text \<open>Measure equivalence coupling (\<Omega>, X_G, X_H, \<mu>) with \<Omega> = space \<mu>,
  X_G = space \<nu>G, X_H = space \<nu>H.\<close>
definition me_coupling ::
  "'g::topological_group_add measure \<Rightarrow> 'h::topological_group_add measure \<Rightarrow> 'w measure
   \<Rightarrow> ('g \<Rightarrow> 'w \<Rightarrow> 'w) \<Rightarrow> ('h \<Rightarrow> 'w \<Rightarrow> 'w) \<Rightarrow> 'w measure \<Rightarrow> 'w measure \<Rightarrow> bool" where
  "me_coupling lamG lamH \<mu> actG actH \<nu>G \<nu>H \<longleftrightarrow>
     mp_action \<mu> actG \<and> mp_action \<mu> actH
   \<and> (\<forall>g h. \<forall>w\<in>space \<mu>. actG g (actH h w) = actH h (actG g w))
   \<and> finite_measure \<nu>G \<and> finite_measure \<nu>H
   \<and> space \<nu>G \<subseteq> space \<mu> \<and> space \<nu>H \<subseteq> space \<mu>
   \<and> meas_iso (lamG \<Otimes>\<^sub>M \<nu>G) \<mu> (\<lambda>(g, x). actG g x)
   \<and> meas_iso (lamH \<Otimes>\<^sub>M \<nu>H) \<mu> (\<lambda>(h, x). actH h x)"

text \<open>Cocycle: \<alpha>(g,x) * g * x is the unique point of (H * g * x) \<inter> X_H.\<close>
definition cocycle :: "('g \<Rightarrow> 'w \<Rightarrow> 'w) \<Rightarrow> ('h \<Rightarrow> 'w \<Rightarrow> 'w) \<Rightarrow> 'w set \<Rightarrow> 'g \<Rightarrow> 'w \<Rightarrow> 'h" where
  "cocycle actG actH XH g x = (THE h. actH h (actG g x) \<in> XH)"

definition ftilde :: "('h::group_add \<Rightarrow> 'w \<Rightarrow> 'w) \<Rightarrow> 'w set \<Rightarrow> ('h \<Rightarrow> real) \<Rightarrow> 'w \<Rightarrow> real" where
  "ftilde actH XH f w = f (- (THE h. \<exists>x\<in>XH. w = actH h x))"

definition fx :: "('g \<Rightarrow> 'w \<Rightarrow> 'w) \<Rightarrow> ('h::group_add \<Rightarrow> 'w \<Rightarrow> 'w) \<Rightarrow> 'w set \<Rightarrow> ('h \<Rightarrow> real) \<Rightarrow> 'w \<Rightarrow> 'g \<Rightarrow> real" where
  "fx actG actH XH f x g = ftilde actH XH f (actG g x)"

definition L1norm :: "'a measure \<Rightarrow> ('a \<Rightarrow> real) \<Rightarrow> ennreal" where
  "L1norm M u = (\<integral>\<^sup>+ x. ennreal \<bar>u x\<bar> \<partial>M)"

definition ltrans :: "'a::group_add \<Rightarrow> ('a \<Rightarrow> real) \<Rightarrow> 'a \<Rightarrow> real" where
  "ltrans s u g = u (- s + g)"

definition grad_int :: "'a::group_add measure \<Rightarrow> 'a set \<Rightarrow> ('a \<Rightarrow> real) \<Rightarrow> ennreal" where
  "grad_int M S u = (\<integral>\<^sup>+ s \<in> S. L1norm M (\<lambda>g. u g - ltrans s u g) \<partial>M)"

definition grad_sup :: "'a::group_add measure \<Rightarrow> 'a set \<Rightarrow> ('a \<Rightarrow> real) \<Rightarrow> ennreal" where
  "grad_sup M S f = (SUP s\<in>S. L1norm M (\<lambda>g. f g - ltrans s f g))"

end

theory Submission
  imports Defs
begin

(* For h in H let Q(h) = ||f - f(h + .)||_1. Left invariance of the Haar measure makes Q symmetric
   and subadditive, so Q(h) <= |h|_H ||grad^sup_H f||_1, while trivially Q(h) <= 2 ||f||_1. The two
   monotonicity assumptions on phi give min x y <= phi x * y / phi y, whence
   Q(h) <= phi(|h|_H ||grad^sup_H f||_1) * 2 ||f||_1 / phi(2 ||f||_1).
   On the other side, for fixed s the integral over X_G x G defining
   int_{X_G} ||f_x - lambda(s) f_x||_1 is an integral over Omega; rewriting it as an integral
   over X_H x H (and using that the unimodular Haar measure of H is inversion invariant) turns it
   into exactly int_{X_H} Q(alpha(s^-1, y)) d nu_H(y). Integrating over S_G gives the theorem. *)

lemma vimage_add_left:
  fixes g :: "'a::group_add"
  shows "(\<lambda>x. g + x) -` A = (\<lambda>x. - g + x) ` A"
proof (rule set_eqI)
  fix x
  have "x = - g + (g + x)" by (simp add: add.assoc[symmetric])
  then show "x \<in> (\<lambda>x. g + x) -` A \<longleftrightarrow> x \<in> (\<lambda>x. - g + x) ` A" by force
qed

lemma vimage_add_right:
  fixes g :: "'a::group_add"
  shows "(\<lambda>x. x + g) -` A = (\<lambda>x. x + - g) ` A"
proof (rule set_eqI)
  fix x
  have "x = x + g + - g" by simp
  then show "x \<in> (\<lambda>x. x + g) -` A \<longleftrightarrow> x \<in> (\<lambda>x. x + - g) ` A" by force
qed

lemma space_eq_UNIV_if_sets_borel: "sets M = sets borel \<Longrightarrow> space M = UNIV"
  by (metis sets_eq_imp_space_eq space_borel)

lemma borel_measurable_uminus_group[measurable (raw)]:
  fixes f :: "'a \<Rightarrow> 'b::{topological_group_add, second_countable_topology}"
  assumes "f \<in> borel_measurable M"
  shows "(\<lambda>x. - f x) \<in> borel_measurable M"
  by (rule borel_measurable_continuous_on[OF _ assms]) (intro continuous_intros)

lemma measurable_fst_borel: "sets M = sets borel \<Longrightarrow> fst \<in> borel_measurable (M \<Otimes>\<^sub>M N)"
  by (metis measurable_cong_sets measurable_fst)

lemma measurable_snd_borel: "sets N = sets borel \<Longrightarrow> snd \<in> borel_measurable (M \<Otimes>\<^sub>M N)"
  by (metis measurable_cong_sets measurable_snd)

lemma distr_self_eqI:
  assumes sets: "sets M = sets borel" and T: "T \<in> borel_measurable borel"
    and inv: "\<And>A. A \<in> sets borel \<Longrightarrow> emeasure M (T -` A) = emeasure M A"
  shows "distr M M T = M"
proof (rule measure_eqI)
  fix A assume "A \<in> sets (distr M M T)"
  moreover have "T \<in> M \<rightarrow>\<^sub>M M"
    using T by (simp add: measurable_cong_sets[OF sets sets])
  ultimately show "emeasure (distr M M T) A = emeasure M A"
    using inv sets by (simp add: emeasure_distr space_eq_UNIV_if_sets_borel)
qed simp

lemma nn_integral_distr_self:
  assumes "distr M M T = M" and "T \<in> M \<rightarrow>\<^sub>M M" and "F \<in> borel_measurable M"
  shows "(\<integral>\<^sup>+x. F (T x) \<partial>M) = (\<integral>\<^sup>+x. F x \<partial>M)"
  using nn_integral_distr[OF assms(2), of F] assms by simp

lemma sigma_finite_if_locally_finite:
  fixes M :: "'a::second_countable_topology measure"
  assumes sets: "sets M = sets borel"
    and local: "\<And>x. \<exists>U. open U \<and> x \<in> U \<and> emeasure M U < \<infinity>"
  shows "sigma_finite_measure M"
proof
  define \<U> where "\<U> = {U. open U \<and> emeasure M U < \<infinity>}"
  have "\<And>U. U \<in> \<U> \<Longrightarrow> open U" by (simp add: \<U>_def)
  then obtain \<V> where \<V>: "\<V> \<subseteq> \<U>" "countable \<V>" "\<Union>\<V> = \<Union>\<U>"
    by (rule Lindelof)
  have "\<Union>\<U> = space M"
    using local unfolding \<U>_def space_eq_UNIV_if_sets_borel[OF sets] by blast
  moreover have "\<V> \<subseteq> sets M" "\<forall>V\<in>\<V>. emeasure M V \<noteq> \<infinity>"
    using \<V>(1) sets unfolding \<U>_def by auto
  ultimately show "\<exists>A. countable A \<and> A \<subseteq> sets M \<and> \<Union>A = space M \<and> (\<forall>a\<in>A. emeasure M a \<noteq> \<infinity>)"
    using \<V>(2,3) by (intro exI[of _ \<V>] conjI) simp_all
qed

text \<open>Unlike \<open>nn_integral_multc\<close>, this needs no measurability of \<open>f\<close>: it is applied to
  word lengths of cocycle values, whose measurability is not available.\<close>

lemma nn_integral_multc_le:
  assumes "0 \<le> c"
  shows "(\<integral>\<^sup>+x. f x * ennreal c \<partial>M) \<le> (\<integral>\<^sup>+x. f x \<partial>M) * ennreal c"
proof (cases "c = 0")
  case False
  with assms have c: "ennreal c * ennreal (1 / c) = 1"
    by (simp flip: ennreal_mult)
  show ?thesis
    unfolding nn_integral_def[of M "\<lambda>x. f x * ennreal c"]
  proof (rule SUP_least)
    fix g assume g: "g \<in> {g. simple_function M g \<and> g \<le> (\<lambda>x. f x * ennreal c)}"
    define g' where "g' x = ennreal (1 / c) * g x" for x
    have g': "simple_function M g'"
      using g simple_function_compose[of M g "\<lambda>v. ennreal (1 / c) * v"] unfolding g'_def o_def by simp
    have "g' \<le> f"
    proof (rule le_funI)
      fix x
      have "g' x \<le> ennreal (1 / c) * (f x * ennreal c)"
        using g unfolding g'_def by (auto simp: le_fun_def intro: mult_left_mono)
      also have "\<dots> = f x" using c by (metis mult.assoc mult.commute mult_1_right)
      finally show "g' x \<le> f x" .
    qed
    have "integral\<^sup>S M g = (\<integral>\<^sup>Sx. ennreal c * g' x \<partial>M)"
      using c by (simp add: g'_def mult.assoc[symmetric])
    also have "\<dots> = ennreal c * integral\<^sup>S M g'"
      using g' by (rule simple_integral_mult)
    also have "\<dots> \<le> ennreal c * integral\<^sup>N M f"
      using nn_integral_eq_simple_integral[OF g'] nn_integral_mono[of M g' f] \<open>g' \<le> f\<close>
      by (intro mult_left_mono) (auto simp: le_fun_def)
    finally show "integral\<^sup>S M g \<le> (\<integral>\<^sup>+x. f x \<partial>M) * ennreal c"
      by (simp add: mult.commute)
  qed
qed simp

lemma nn_integral_orbit_map:
  assumes iso: "meas_iso (L \<Otimes>\<^sub>M N) \<Omega> (\<lambda>(g, x). act g x)"
    and L: "sigma_finite_measure L" and N: "sigma_finite_measure N"
    and F: "F \<in> borel_measurable \<Omega>"
  shows "(\<integral>\<^sup>+x. (\<integral>\<^sup>+g. F (act g x) \<partial>L) \<partial>N) = integral\<^sup>N \<Omega> F"
proof -
  interpret pair_sigma_finite L N using L N by (simp add: pair_sigma_finite_def)
  have act: "(\<lambda>(g, x). act g x) \<in> L \<Otimes>\<^sub>M N \<rightarrow>\<^sub>M \<Omega>"
    and distr: "distr (L \<Otimes>\<^sub>M N) \<Omega> (\<lambda>(g, x). act g x) = \<Omega>"
    using iso by (simp_all add: meas_iso_def)
  have "(\<integral>\<^sup>+x. (\<integral>\<^sup>+g. F (act g x) \<partial>L) \<partial>N) = (\<integral>\<^sup>+p. F (case p of (g, x) \<Rightarrow> act g x) \<partial>(L \<Otimes>\<^sub>M N))"
    using nn_integral_snd[OF measurable_compose[OF act F]] by (simp add: o_def)
  also have "\<dots> = integral\<^sup>N \<Omega> F"
    using nn_integral_distr[OF act, of F] F distr by simp
  finally show ?thesis .
qed

section \<open>Haar measures\<close>

lemma haar_measure_sets: "haar_measure M \<Longrightarrow> sets M = sets borel"
  by (simp add: haar_measure_def)

lemma unimodular_haar_imp_haar: "unimodular_haar M \<Longrightarrow> haar_measure M"
  by (simp add: unimodular_haar_def)

lemma haar_measure_left_invariant:
  "haar_measure M \<Longrightarrow> A \<in> sets borel \<Longrightarrow> emeasure M ((\<lambda>x. g + x) ` A) = emeasure M A"
  by (simp add: haar_measure_def)

lemma unimodular_haar_right_invariant:
  "unimodular_haar M \<Longrightarrow> A \<in> sets borel \<Longrightarrow> emeasure M ((\<lambda>x. x + g) ` A) = emeasure M A"
  by (simp add: unimodular_haar_def)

▶ _ACTIVITY_:
Repeat, exactly and only, the lines above from the one containing "M \<Longrightarrow> haar_measure" through the end of the material.

▶ _SOLUTION_:
lemma unimodular_haar_imp_haar: "unimodular_haar M \<Longrightarrow> haar_measure M"
  by (simp add: unimodular_haar_def)

lemma haar_measure_left_invariant:
  "haar_measure M \<Longrightarrow> A \<in> sets borel \<Longrightarrow> emeasure M ((\<lambda>x. g + x) ` A) = emeasure M A"
  by (simp add: haar_measure_def)

lemma unimodular_haar_right_invariant:
  "unimodular_haar M \<Longrightarrow> A \<in> sets borel \<Longrightarrow> emeasure M ((\<lambda>x. x + g) ` A) = emeasure M A"
  by (simp add: unimodular_haar_def)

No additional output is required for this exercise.